The disparity between EI and EE, represents a significant global health challenge. Studies show that exceeding energy needs even by a small amount over time can significantly increase the risk of developing chronic diseases, including obesity, cardiovascular disease, type 2 diabetes, and certain cancers (13, 14). On the other hand, when there is an insufficient intake of energy compared to energy expenditure, it can lead to malnutrition and deficiencies in essential nutrients (15). This could weaken the immune system, impair growth and development, and increase the risk of infections and other health problems (16). Furthermore, energy imbalance can also impact mental health and well-being. Poor diet and lack of physical activity could contribute to feelings of fatigue, low mood, and decreased cognitive function (15). These factors can further exacerbate the risk of developing mental health disorders such as depression, anxiety and eating disorders, especially in adolescents (17).
To date, only a limited number of studies have examined EIG in a large population (4, 5, 9, 18), finding heterogeneity in EIG by ethnicity, sex, and body mass index (BMI) in adults. Fallah-Fini et al. (4) quantified the dynamics of the EIG among New Zealand adults over 3 decades using a new population-level system dynamics model. They found that there was an inconsistent pattern over time, especially in different ethnic, sex, and BMI subpopulations, i.e., higher BMI was associated with both a higher and a lower EIG. In Japanese adult population (18), the trend of EIG was studied by near 4 decades. They found that EIG was associated to sex and weight groups in this population. The EIG for men ranged from −3.5 kcal/day for a BMI of ≥30.0 kg/m2 to 4.6 kcal/day for a BMI of 15.0 to 17.9 kg/m2. In a Belgium population, Fallah-Fini et al. (9) found that there was some heterogeneity in the patterns by BMI class, and no consistent patterns emerged over time. These studies, while valuable, do not include data from the Latin American population. Additionally, they are longitudinal rather than cross-sectional studies, which limits their applicability for direct comparison of results. On the other hand, the authors’ previous experience with adults in LA (5), found that overall EIG was positive, meaning people consumed more energy than they were expended. This was more pronounced in men and people with higher socioeconomic status. People who were overweight or obese in Argentina, Costa Rica, Ecuador, Peru, and Venezuela had a significantly lower EIG than those who were underweight. These findings suggest high variability in the EIG and its correlates in the eight LA countries. For the age group of adolescents, much uncertainty still exists about the relationship between EIG and socioeconomic status, anthropometrics, and lifestyle.
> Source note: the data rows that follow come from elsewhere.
lemma tangent_Z_set:
  fixes V :: "('a::field^'k::finite) set set"
  assumes fV: "finite V" and VPG: "V \<subseteq> PG" and TV: "card T \<le> Suc (card V)"
    and Vd: "\<forall>v\<in>V. supp_pt v \<inter> T = {}" and xZ: "x \<in> Z_set T"
  shows "\<exists>U. is_tangent (CARD('k) - card T) (X_set T \<union> Y_set T V \<union> Z_set T) x U"
proof -
  obtain j j' a where jj: "j \<in> T" "j' \<in> T" "j \<noteq> j'" and a0: "a \<noteq> 0"
    and x: "x = proj_point (axis j 1 + a *s axis j' 1)"
    using Z_set_normal_form[OF xZ] by blast
  have card_le: "card (T - {j'}) \<le> card V" using TV jj by simp
  obtain w where w: "\<forall>i\<in>T - {j'}. w i \<noteq> 0 \<and> proj_point (w i) \<in> V"
    and w_inj: "inj_on (\<lambda>i. proj_point (w i)) (T - {j'})"
    by (rule obtain_representatives[OF _ fV VPG card_le]) auto
  have wT: "w i $ t = 0" if "i \<in> T - {j'}" and "t \<in> T" for i t
    using w Vd that by (intro nth_eq_0_if_supp_pt_disjoint[of "w i" T t]) auto
  define \<tau> where "\<tau> i = (if i = j' then j else i)" for i
  define s where "s = - 1 / a"
  define r where "r i = (if i = j' then s *s w j else w i)" for i
  have \<tau>T: "\<tau> i \<in> T - {j'}" if "i \<in> T" for i using that jj by (auto simp: \<tau>_def)
  have s0: "s \<noteq> 0" using a0 by (simp add: s_def)
  have r_pt: "r i \<noteq> 0 \<and> proj_point (r i) = proj_point (w (\<tau> i))" if "i \<in> T" for i
    using w that s0 jj by (auto simp: r_def \<tau>_def proj_point_scale vec.scale_eq_0_iff)
  have rT: "\<forall>i\<in>T. \<forall>t\<in>T. r i $ t = 0" using wT jj by (simp add: r_def)
  have "\<forall>i\<in>T. r i \<noteq> 0 \<and> proj_point (r i) \<in> V" using r_pt w \<tau>T by simp
  moreover have "{i, i'} = {j, j'}"
    if "i \<in> T" "i' \<in> T" "i \<noteq> i'" "proj_point (r i) = proj_point (r i')" for i i'
  proof -
    have "\<tau> i = \<tau> i'" using w_inj \<tau>T that r_pt by (simp add: inj_on_def)
    then show ?thesis using that(3) by (auto simp: \<tau>_def split: if_splits)
  qed
  moreover have "r j + a *s r j' = 0" using a0 jj(3) by (simp add: r_def s_def vector_smult_assoc)
  ultimately show ?thesis using is_tangent_graph_Z_point[OF rT jj a0] x by blast
qed

lemma card_vanishing_on:
  fixes A :: "'k::finite set"
  shows "card {d::('a::{zero,finite})^'k. \<forall>t\<in>A. d $ t = 0} = CARD('a) ^ (CARD('k) - card A)"
proof -
  let ?D = "{d::'a^'k. \<forall>t\<in>A. d $ t = 0}"
  have "bij_betw (\<lambda>d. restrict (vec_nth d) (- A)) ?D (PiE (- A) (\<lambda>_. UNIV))"
  proof (rule bij_betw_byWitness[where f' = "\<lambda>h. \<chi> i. if i \<in> A then 0 else h i"])
    show "\<forall>a\<in>?D. (\<chi> i. if i \<in> A then 0 else restrict (vec_nth a) (- A) i) = a"
      by (auto simp: vec_eq_iff)
    show "\<forall>a'\<in>PiE (- A) (\<lambda>_. UNIV). restrict (vec_nth (\<chi> i. if i \<in> A then 0 else a' i)) (- A) = a'"
      by (auto simp: PiE_def extensional_def fun_eq_iff)
    show "(\<lambda>d. restrict (vec_nth d) (- A)) ` ?D \<subseteq> PiE (- A) (\<lambda>_. UNIV)" by auto
    show "(\<lambda>h. \<chi> i. if i \<in> A then 0 else h i) ` PiE (- A) (\<lambda>_. UNIV) \<subseteq> ?D" by auto
  qed
  then have "card ?D = card (PiE (- A) (\<lambda>_. (UNIV::'a set)))" by (rule bij_betw_same_card)
  also have "\<dots> = CARD('a) ^ card (- A)" by (simp add: card_PiE)
  also have "card (- A) = CARD('k) - card A" by (simp add: Compl_eq_Diff_UNIV card_Diff_subset)
  finally show ?thesis .
qed

lemma obtain_inj_vanishing_on:
  fixes A :: "'k::finite set" and T :: "'i set"
  assumes "finite T" and "card T \<le> CARD('a::{zero,finite}) ^ (CARD('k) - card A)"
  obtains d :: "'i \<Rightarrow> ('a::{zero,finite})^'k" where "inj_on d T" and "\<forall>i\<in>T. \<forall>t\<in>A. d i $ t = 0"
proof -
  have "card T \<le> card {d::'a^'k. \<forall>t\<in>A. d $ t = 0}"
    using assms(2) by (simp add: card_vanishing_on)
  then obtain d where "d ` T \<subseteq> {d::'a^'k. \<forall>t\<in>A. d $ t = 0}" and "inj_on d T"
    using card_le_inj[OF assms(1) finite] by blast
  moreover from this(1) have "\<forall>i\<in>T. \<forall>t\<in>A. d i $ t = 0" by blast
  ultimately show ?thesis using that by blast
qed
This context highlights the relevance of studying the characteristics associated with maintaining a good balance between EI and EE in adolescents as a key component of overall regional prevention policies. Being overweight in adolescents can cause various health and emotional problems including hypertension, dyslipidemia, type 2 diabetes, metabolic syndrome, obstructive sleep apnea, eating disorders, and depression (19, 20). However, undernutrition can also increase the risk of other chronic health problems such as insulin resistance, lowered fat oxidation, increased risk of diabetes in adulthood, reduced energy expenditure, dyslipidemia, hypertension, and diminished manual worker capacity (21).
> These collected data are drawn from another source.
(* Let $\pi$ be a probability distribution (posterior) on the set of density matrices whose support contains at least one mixed (non-pure) state. Then no pure state is a Bayes estimator for infidelity loss under $\pi$; i.e., no pure state $\sigma$ minimizes the posterior Bayes risk $\int \bigl(1-\mathrm{Tr}\sqrt{\sqrt{\rho}\,\sigma\sqrt{\rho}}\bigr)\,d\pi(\rho)$ over density matrices $\sigma$.
   Context: Fix a finite-dimensional Hilbert space; a density matrix is a positive semidefinite operator of trace one; it is pure if it has rank one and mixed otherwise. The infidelity loss is $F(\rho,\sigma)=1-\mathrm{Tr}\sqrt{\sqrt{\rho}\,\sigma\sqrt{\rho}}$. For a distribution $\pi$ over states, the Bayes estimator for infidelity is a density matrix minimizing the expected loss $\int F(\rho,\sigma)\,d\pi(\rho)$ over $\sigma$. *)

theory Defs
  imports "HOL-Analysis.Analysis" "HOL-Probability.Probability"
begin

definition adjoint_mat :: "complex^'n^'n \<Rightarrow> complex^'n^'n" where
  "adjoint_mat A = (\<chi> i j. cnj (A $ j $ i))"

definition cinner :: "complex^'n \<Rightarrow> complex^'n \<Rightarrow> complex" where
  "cinner x y = (\<Sum>i\<in>UNIV. cnj (x $ i) * y $ i)"

definition psd :: "complex^'n^'n \<Rightarrow> bool" where
  "psd A \<longleftrightarrow> adjoint_mat A = A \<and> (\<forall>x. 0 \<le> Re (cinner x (A *v x)))"

definition density_matrix :: "complex^'n^'n \<Rightarrow> bool" where
  "density_matrix \<rho> \<longleftrightarrow> psd \<rho> \<and> trace \<rho> = 1"

definition pure_state :: "complex^'n^'n \<Rightarrow> bool" where
  "pure_state \<rho> \<longleftrightarrow> density_matrix \<rho> \<and> rank \<rho> = 1"

definition mixed_state :: "complex^'n^'n \<Rightarrow> bool" where
  "mixed_state \<rho> \<longleftrightarrow> density_matrix \<rho> \<and> rank \<rho> \<noteq> 1"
This study aimed to examine the associations between the EIG and sociodemographic and anthropometric variables in the adolescent population of the eight LA countries evaluated.
2 Materials and methods
2.1 Research design and participants
The Latin American Study of Nutrition and Health (Estudio Lationamericano de Nutrición y Salud; ELANS) is a multicenter cross-sectional nutritional and health surveillance study of a nationally representative sample of urban populations from eight Latin American countries (Argentina, Brazil, Chile, Colombia, Costa Rica, Ecuador, Peru, and Venezuela). This study addressed EI, EE, and anthropometric data in 10,134 individuals ranging in age from 15 to 65 years, in a lapse between September 2014 and July 2015.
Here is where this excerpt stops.